Если бы на Каннском кинофестивале присуждали приз зрителей, то его, несомненно, получил бы Жако Ван Дормаль («Господин Никто»). «Бог жив! — утверждает детский голос за кадром, — Он живет в Брюсселе, и у него есть не только сын, но и дочь. Это я» Так начинается философская эксцентриада «Новейший завет», показанная в программе «Двухнедельник режиссеров».

Дормаль с рокерской отвязностью излагает священное писание на новый лад. Папа десятилетней Еа — злой Бог (Бенуа Пульворд). Сидит в забитом каталожными ящиками зале и на компьютере строчит коварные законы. О том, что телефон всегда звонит в момент твоего погружения в ванну, что соседняя очередь всегда быстрей твоей, ну и, разумеется, он автор закона о падающем бутерброде… И это еще цветочки.

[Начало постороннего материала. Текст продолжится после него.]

(* Let $a_1,a_2,a_3,a_4>0$ satisfy $4a_2a_4>(a_1+a_3)^2$, let $z_0>0$, set $y_0=z_0a_1/a_2$ and $\beta=\frac12\sqrt{4a_2a_4-(a_1+a_3)^2}\in\mathbb{R}$. For $y'\in[0,y_0)$ let $\tau\mapsto(z(\tau,y'),y(\tau,y'))$ be the solution of $\dot z=a_1z-a_2y$, $\dot y=a_4z-a_3y$ with $(z(0),y(0))=(z_0,y')$, explicitly $$z(\tau,y')=e^{\frac{a_1-a_3}{2}\tau}\Big(z_0\cos\beta\tau+\Big(z_0\frac{a_1+a_3}{2\beta}-\frac{y'a_2}{\beta}\Big)\sin\beta\tau\Big),$$ $$y(\tau,y')=e^{\frac{a_1-a_3}{2}\tau}\Big(y'\cos\beta\tau+\Big(\frac{a_4z_0}{\beta}-y'\frac{a_1+a_3}{2\beta}\Big)\sin\beta\tau\Big).$$ Then for each $y'\in[0,y_0)$ there exist a unique $y^+=y^+(y')>y_0$ and a minimal $\tau_1=\tau_1(y')>0$ such that $z(\tau_1,y')=z_0$ and $y(\tau_1,y')=y^+$ (i.e. $\tau_1$ is the first positive time at which the trajectory from $(z_0,y')$ reaches the half-line $\{(z_0,y):y>y_0\}$). Moreover, $\tau_1$ does not depend on $z_0$: writing $y'=\alpha y_0$ with $\alpha$ fixed, $\tau_1$ is determined by $a_1,\dots,a_4,\alpha$ alone.
   Context: This describes the within-host dynamics of an infected host with viral load $z\ge z_0$ ($z_0$ the minimum detectable viral load) and antibody level $y\ge0$. The time $\tau_1(y')$ is interpreted as the time an infected individual entering the infected compartment with antibody level $y'$ remains infected before transitioning to the recovered compartment. *)

theory Defs
  imports Complex_Main
begin

definition beta :: "real \<Rightarrow> real \<Rightarrow> real \<Rightarrow> real \<Rightarrow> real" where
  "beta a1 a2 a3 a4 = sqrt (4 * a2 * a4 - (a1 + a3)^2) / 2"

definition yzero :: "real \<Rightarrow> real \<Rightarrow> real \<Rightarrow> real" where
  "yzero a1 a2 z0 = z0 * a1 / a2"

text \<open>Explicit solution of z' = a1 z - a2 y, y' = a4 z - a3 y with (z(0), y(0)) = (z0, yp).\<close>
definition zsol :: "real \<Rightarrow> real \<Rightarrow> real \<Rightarrow> real \<Rightarrow> real \<Rightarrow> real \<Rightarrow> real \<Rightarrow> real" where
  "zsol a1 a2 a3 a4 z0 yp t =
     exp ((a1 - a3) / 2 * t) *
       (z0 * cos (beta a1 a2 a3 a4 * t)
        + (z0 * (a1 + a3) / (2 * beta a1 a2 a3 a4) - yp * a2 / beta a1 a2 a3 a4)
          * sin (beta a1 a2 a3 a4 * t))"

definition ysol :: "real \<Rightarrow> real \<Rightarrow> real \<Rightarrow> real \<Rightarrow> real \<Rightarrow> real \<Rightarrow> real \<Rightarrow> real" where
  "ysol a1 a2 a3 a4 z0 yp t =
     exp ((a1 - a3) / 2 * t) *
       (yp * cos (beta a1 a2 a3 a4 * t)
        + (a4 * z0 / beta a1 a2 a3 a4 - yp * (a1 + a3) / (2 * beta a1 a2 a3 a4))
          * sin (beta a1 a2 a3 a4 * t))"

definition on_halfline :: "real \<Rightarrow> real \<Rightarrow> real \<Rightarrow> real \<Rightarrow> real \<Rightarrow> real \<Rightarrow> real \<Rightarrow> bool" where
  "on_halfline a1 a2 a3 a4 z0 yp t \<longleftrightarrow>
     zsol a1 a2 a3 a4 z0 yp t = z0 \<and> ysol a1 a2 a3 a4 z0 yp t > yzero a1 a2 z0"

definition first_hit :: "real \<Rightarrow> real \<Rightarrow> real \<Rightarrow> real \<Rightarrow> real \<Rightarrow> real \<Rightarrow> real \<Rightarrow> bool" where
  "first_hit a1 a2 a3 a4 z0 yp t \<longleftrightarrow>
     t > 0 \<and> on_halfline a1 a2 a3 a4 z0 yp t \<and>
     (\<forall>s. 0 < s \<and> s < t \<longrightarrow> \<not> on_halfline a1 a2 a3 a4 z0 yp s)"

На досуге Отец развлекается, программируя катастрофы, смерчи и войны. Еа через портал в стиральной машине совершает побег к людям (это ее личный Исход), дабы среди наших современников разыскать шесть неканонических апостолов. Она знает наверняка, что на самом деле их было 18 — как в бейсбольной команде (бейсбол — любимый вид спорта ее Мамы).

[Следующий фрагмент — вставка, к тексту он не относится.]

lemma nn_integral_odds_substitution:
  fixes f :: "real \<Rightarrow> real" and c :: real
  assumes [measurable]: "f \<in> borel_measurable borel"
    and nonneg: "\<And>w. 0 < w \<Longrightarrow> w < 1 \<Longrightarrow> f w \<ge> 0" and c: "c > 0"
  shows "(\<integral>\<^sup>+w\<in>{0<..<1}. ennreal (f w) \<partial>lborel) =
         (\<integral>\<^sup>+s\<in>{0<..}. ennreal (c / (1 + c * s)\<^sup>2 * f (c * s / (1 + c * s))) \<partial>lborel)"
proof -
  define odds where "odds s = c * s / (1 + c * s)" for s
  have pos: "0 < c * s" "0 < 1 + c * s" if "s > 0" for s
    using c that by (simp_all add: add_pos_pos)
  have inverse: "odds s / (c * (1 - odds s)) = s" if "s > 0" for s
  proof -
    have "1 - odds s = 1 / (1 + c * s)"
      using pos[OF that] unfolding odds_def by (simp add: field_simps)
    then show ?thesis
      using c pos(2)[OF that] unfolding odds_def by simp
  qed
  have image: "odds ` {0<..} = {0<..<1}"
  proof (intro equalityI subsetI)
    fix w :: real assume "w \<in> odds ` {0<..}"
    then obtain s where "s > 0" "w = odds s" by auto
    then show "w \<in> {0<..<1}"
      using pos[of s] by (simp add: odds_def)
  next
    fix w :: real assume "w \<in> {0<..<1}"
    then show "w \<in> odds ` {0<..}"
      using c by (intro image_eqI[of _ _ "w / (c * (1 - w))"]) (auto simp: odds_def field_simps)
  qed
  have "(\<integral>\<^sup>+w\<in>odds ` {0<..}. ennreal (f w) \<partial>lborel) =
        (\<integral>\<^sup>+s\<in>{0<..}. ennreal (\<bar>c / (1 + c * s)\<^sup>2\<bar> * f (odds s)) \<partial>lborel)"
  proof (rule nn_integral_substitution_inj_on)
    show "(odds has_real_derivative c / (1 + c * s)\<^sup>2) (at s)" if "s \<in> {0<..}" for s
      using pos[of s] that unfolding odds_def
      by (auto intro!: derivative_eq_intros simp: field_simps power2_eq_square)
    show "inj_on odds {0<..}"
      using inverse by (intro inj_on_inverseI[where g = "\<lambda>w. w / (c * (1 - w))"]) auto
    show "odds \<in> borel_measurable borel"
      unfolding odds_def by measurable
    show "(\<lambda>s. c / (1 + c * s)\<^sup>2) \<in> borel_measurable borel"
      by measurable
    show "f y \<ge> 0" if "y \<in> odds ` {0<..}" for y
      using nonneg that by (simp add: image)
  qed (simp_all add: image)
  also have "\<dots> = (\<integral>\<^sup>+s\<in>{0<..}. ennreal (c / (1 + c * s)\<^sup>2 * f (c * s / (1 + c * s))) \<partial>lborel)"
    using c by (simp add: odds_def)
  finally show ?thesis
    by (simp only: image)
qed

В этом сумасбродном действе куры и петухи смотрят кино на большом экране (естественно, мультфильм про задорную курицу), земляне получают SMS с точной датой их смерти, оторванная кисть красавицы танцует печальную балетную вариацию на столе, бывший клерк дирижирует птицами, а Катрин Денев заводит себе любовника-гориллу. Брат Еа — Иисус замер в виде небольшой фарфоровой статуэтки на буфете, но, как и положено, в нужный момент оживает.

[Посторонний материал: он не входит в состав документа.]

(* Fix a binary instance $(\mu_0,\hat q)$. There is a constant $C<\infty$, depending only on $(\mu_0,\hat q)$, such that for every $T\ge 4$ and every bias $\alpha^\star\in(0,1]$, the Safe Exploration policy satisfies $\mathrm{Reg}_T(\mathrm{SE};\alpha^\star)\le C\log\log T$. In particular one may take any $C$ proportional to $2\frac{(1-\mu_0)^2}{(\hat q-\mu_0)\hat q}+1$, times an absolute constant.
   Context: Binary model: states $\Omega=\{0,1\}$, actions $A=\{0,1\}$, prior $\mu_0=\Pr(\omega=1)\in(0,1)$, cutoff $\hat q\in(\mu_0,1)$, sender utility $u_S(a,\omega)=\mathbf 1\{a=1\}$. A receiver with fixed unknown bias $\alpha^\star\in(0,1]$ takes action $1$ after Bayesian posterior $\nu=\Pr(\omega=1\mid s)$ iff $(1-\alpha^\star)\mu_0+\alpha^\star\nu\ge\hat q$. Define $\nu_B(\alpha)=\mu_0+(\hat q-\mu_0)/\alpha$ and $\alpha_{\min}=(\hat q-\mu_0)/(1-\mu_0)$. For $\alpha\in[\alpha_{\min},1]$, let $\tau(\alpha)$ be the Bayes-plausible scheme with mass $1-\mu_0/\nu_B(\alpha)$ on posterior $0$ and mass $\mu_0/\nu_B(\alpha)$ on posterior $\nu_B(\alpha)$. Repeated interaction over $T$ rounds. In each round the sender commits to a Bayes-plausible posterior distribution, a state $\omega_t\sim\mu_0$ and posterior $\nu_t$ are realized, the receiver acts, and the sender observes $\nu_t$ and the action. Let $\mathrm{OPT}(\alpha^\star)$ be the supremum over Bayes-plausible distributions of the probability of action $1$. The regret is $\mathrm{Reg}_T=T\cdot\mathrm{OPT}(\alpha^\star)-\sum_t\mathbb E[\Pr(\text{action }1\text{ in round }t\mid\text{history})]$. Safe Exploration (SE) policy: initialize $\underline\alpha=\alpha_{\min}$, $\overline\alpha=1$, $\epsilon=1/2$. While $\overline\alpha-\underline\alpha>1/T$ and rounds remain, run a phase: 1. Set $m_{\rm prev}=\underline\alpha$ and $m=\underline\alpha+\epsilon$. 2. While $m\le\overline\alpha$ and rounds remain, play $\tau(m)$ for one round. If the realized posterior is nonzero: - if the receiver plays action $1$, set $m_{\rm prev}\gets m$ and $m\gets m+\epsilon$; - otherwise set $(\underline\alpha,\overline\alpha)\gets(m_{\rm prev},m)$, $\epsilon\gets\epsilon^2$, and end the phase. 3. If the inner loop ended because $m>\overline\alpha$, set $(\underline\alpha,\overline\alpha)\gets(m_{\rm prev},\overline\alpha)$ and $\epsilon\gets\epsilon^2$. After exploration ends, play $\tau(\underline\alpha)$ in all remaining rounds. *)

theory Defs
  imports "HOL-Probability.Probability_Mass_Function"
begin

text \<open>Binary persuasion instance: prior mu0 = Pr(omega = 1), cutoff qh.
  Receiver with bias a acts (action 1) after posterior v iff
  (1 - a) * mu0 + a * v >= qh.\<close>

definition acts :: "real \<Rightarrow> real \<Rightarrow> real \<Rightarrow> real \<Rightarrow> bool" where
  "acts mu0 qh a v \<longleftrightarrow> (1 - a) * mu0 + a * v \<ge> qh"

definition nuB :: "real \<Rightarrow> real \<Rightarrow> real \<Rightarrow> real" where
  "nuB mu0 qh a = mu0 + (qh - mu0) / a"

definition alpha_min :: "real \<Rightarrow> real \<Rightarrow> real" where
  "alpha_min mu0 qh = (qh - mu0) / (1 - mu0)"

definition bayes_plausible :: "real \<Rightarrow> real pmf \<Rightarrow> bool" where
  "bayes_plausible mu0 p \<longleftrightarrow>
     set_pmf p \<subseteq> {0..1} \<and> measure_pmf.expectation p (\<lambda>v. v) = mu0"

definition OPT :: "real \<Rightarrow> real \<Rightarrow> real \<Rightarrow> real" where
  "OPT mu0 qh a = Sup {measure_pmf.prob p {v. acts mu0 qh a v} | p. bayes_plausible mu0 p}"

definition tau :: "real \<Rightarrow> real \<Rightarrow> real \<Rightarrow> real pmf" where
  "tau mu0 qh a = map_pmf (\<lambda>b. if b then nuB mu0 qh a else 0)
                          (bernoulli_pmf (mu0 / nuB mu0 qh a))"

text \<open>State of the Safe Exploration policy:
  Explore lo hi eps mprev m  -- inside a phase, about to play tau(m);
  Exploit lo                 -- exploration is over, play tau(lo) forever.\<close>
datatype se_state = Explore real real real real real | Exploit real

text \<open>Phases whose
  first candidate m = lo + eps already exceeds hi use no rounds; they only square eps
  (and leave lo, hi unchanged), so we skip to the first nonempty phase.\<close>
definition enter_phase :: "nat \<Rightarrow> real \<Rightarrow> real \<Rightarrow> real \<Rightarrow> se_state" where
  "enter_phase T lo hi eps =
     (if hi - lo > 1 / real T then
        (let k = (LEAST k::nat. lo + eps ^ (2 ^ k) \<le> hi) in
           Explore lo hi (eps ^ (2 ^ k)) lo (lo + eps ^ (2 ^ k)))
      else Exploit lo)"

definition se_init :: "real \<Rightarrow> real \<Rightarrow> nat \<Rightarrow> se_state" where
  "se_init mu0 qh T = enter_phase T (alpha_min mu0 qh) 1 (1/2)"

fun se_play :: "real \<Rightarrow> real \<Rightarrow> se_state \<Rightarrow> real pmf" where
  "se_play mu0 qh (Explore lo hi eps mp m) = tau mu0 qh m"
| "se_play mu0 qh (Exploit lo) = tau mu0 qh lo"

fun se_update :: "nat \<Rightarrow> se_state \<Rightarrow> real \<Rightarrow> bool \<Rightarrow> se_state" where
  "se_update T (Explore lo hi eps mp m) v act =
     (if v = 0 then Explore lo hi eps mp m
      else if act then
        (if m + eps \<le> hi then Explore lo hi eps m (m + eps)
         else enter_phase T m hi (eps ^ 2))
      else enter_phase T mp m (eps ^ 2))"
| "se_update T (Exploit lo) v act = Exploit lo"

text \<open>Expected sum, over n remaining rounds, of Pr(action 1 in the round | history).\<close>
fun se_value :: "real \<Rightarrow> real \<Rightarrow> real \<Rightarrow> nat \<Rightarrow> nat \<Rightarrow> se_state \<Rightarrow> real" where
  "se_value mu0 qh a T 0 s = 0"
| "se_value mu0 qh a T (Suc n) s =
     measure_pmf.prob (se_play mu0 qh s) {v. acts mu0 qh a v}
     + measure_pmf.expectation (se_play mu0 qh s)
         (\<lambda>v. se_value mu0 qh a T n (se_update T s v (acts mu0 qh a v)))"

definition SE_regret :: "real \<Rightarrow> real \<Rightarrow> real \<Rightarrow> nat \<Rightarrow> real" where
  "SE_regret mu0 qh a T = real T * OPT mu0 qh a - se_value mu0 qh a T T (se_init mu0 qh T)"

end

theory Submission
  imports Defs
begin

text \<open>Let f(m) = mu0 / nuB(m) (signal_prob) be the probability with which tau(m) sends
  its informative posterior nuB(m). By Markov's inequality OPT(a) \<le> f(a), and a receiver with
  bias a follows tau(m) exactly when m \<le> a. So an exploration round at m \<le> a loses
  f(a) - f(m) \<le> B (a - m) f(m), where B = (1 - mu0)^2 / (qh - mu0) (lip_const), and a round
  at m > a loses at most f(a) \<le> f(m) / qh: the loss is f(m), the probability that the round
  changes the state, times a deterministic amount. This is paid for by a potential which,
  inside a phase of step eps, charges B (x^2/eps + x) for the remaining distance x = a - m,
  1/qh for the rejection closing the phase, and 3B + 1/qh (phase_cost) for every later phase.
  Since the step is squared from phase to phase, a phase starts with a bracket of width w with
  w^2 \<le> 2 eps, so its distance charge is at most 3B. The steps run through (1/2)^(2^k), and a
  phase is only entered while w > 1/T, i.e. with eps > 1/(2T^2); hence there are O(log log T)
  phases. Once the bracket is narrower than 1/T, every exploitation round loses at most B/T.
  (If a < alpha_min, no posterior makes the receiver act, so OPT(a) = 0 and the regret is not
  positive.)\<close>

section \<open>Step sizes and the number of phases\<close>

lemma ln_2_ge: "3/5 \<le> ln (2::real)"
proof -
  have "exp (3/5::real) ^ 5 = exp 3" by (subst exp_of_nat_mult[symmetric]) simp
  also have "exp (3::real) = exp 1 ^ 3" by (subst exp_of_nat_mult[symmetric]) simp
  also have "\<dots> \<le> 3 ^ 3" by (rule power_mono) (use exp_le in auto)
  also have "\<dots> < (2::real) ^ 5" by simp
  finally have "exp (3/5::real) < 2" by (rule power_less_imp_less_base) simp
  thus ?thesis by (metis exp_le_cancel_iff exp_ln less_imp_le zero_less_numeral)
qed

Да, чуть не забыла, Отцу, пытающемуся отловить беглянку-дочь в Брюсселе, достается по первое число: получает тумаков от нищих и священника, чуть не погибает в авиакатастрофе, в финале его экстрадируют в Узбекистан. Работая на конвейере по производству стиральных машин, он исследует нутро каждой — нет ли там двери в его мрачный «потерянный рай». На просмотре этой ламбады на краю жизни и смерти — нескончаемый хохот, после — долгая овация. При сегодняшнем дефиците юмора в кино — чистая радость для зрителя. В том числе и для российского… Если, конечно, наши оскорбляющиеся по любому поводу верующие позволят выпустить фильм на российский экран.

О странностях любви

Пуристы, впрочем, будут оскорблены и одной из лучших картин конкурса — «Кэрол» Тодда Хейнса. Роман Патриции Хайсмит «Цена соли» в начале 50-х вызвал грандиозный скандал. Это история любовной связи богатой леди (Кейт Бланшетт) и скромной труженицы прилавка Терезы (Руни Мара). Изысканно одетая дама, заглянув в универмаг за куклой дочери, забывает лайковые перчатки. С перчаток и начнется…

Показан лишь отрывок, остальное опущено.